(Extracted records)
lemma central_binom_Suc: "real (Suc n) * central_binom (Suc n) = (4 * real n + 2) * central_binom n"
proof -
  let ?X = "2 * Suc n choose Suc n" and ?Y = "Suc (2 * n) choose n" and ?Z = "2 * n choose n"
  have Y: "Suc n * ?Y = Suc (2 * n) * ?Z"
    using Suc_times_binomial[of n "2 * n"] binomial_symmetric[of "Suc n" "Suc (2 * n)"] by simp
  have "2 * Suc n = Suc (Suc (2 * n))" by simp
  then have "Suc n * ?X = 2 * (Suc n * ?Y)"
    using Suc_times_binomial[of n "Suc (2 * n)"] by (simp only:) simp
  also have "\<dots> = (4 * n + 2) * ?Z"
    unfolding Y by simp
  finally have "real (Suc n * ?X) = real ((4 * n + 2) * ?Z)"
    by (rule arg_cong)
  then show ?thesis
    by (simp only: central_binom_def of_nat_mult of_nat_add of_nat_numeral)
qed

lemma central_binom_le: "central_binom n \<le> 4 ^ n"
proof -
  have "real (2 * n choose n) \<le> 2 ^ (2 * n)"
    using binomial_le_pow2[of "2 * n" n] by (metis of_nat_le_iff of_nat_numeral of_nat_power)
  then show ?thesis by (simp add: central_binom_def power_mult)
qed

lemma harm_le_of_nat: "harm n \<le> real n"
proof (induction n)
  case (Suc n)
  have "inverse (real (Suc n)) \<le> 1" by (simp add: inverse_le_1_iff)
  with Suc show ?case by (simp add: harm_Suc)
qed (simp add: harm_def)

What you are asked to do: A line qualifies when it holds the word "thesis"; report all qualifying lines from the records above.

Response to the exercise:
  then show ?thesis
  then show ?thesis by (simp add: central_binom_def power_mult)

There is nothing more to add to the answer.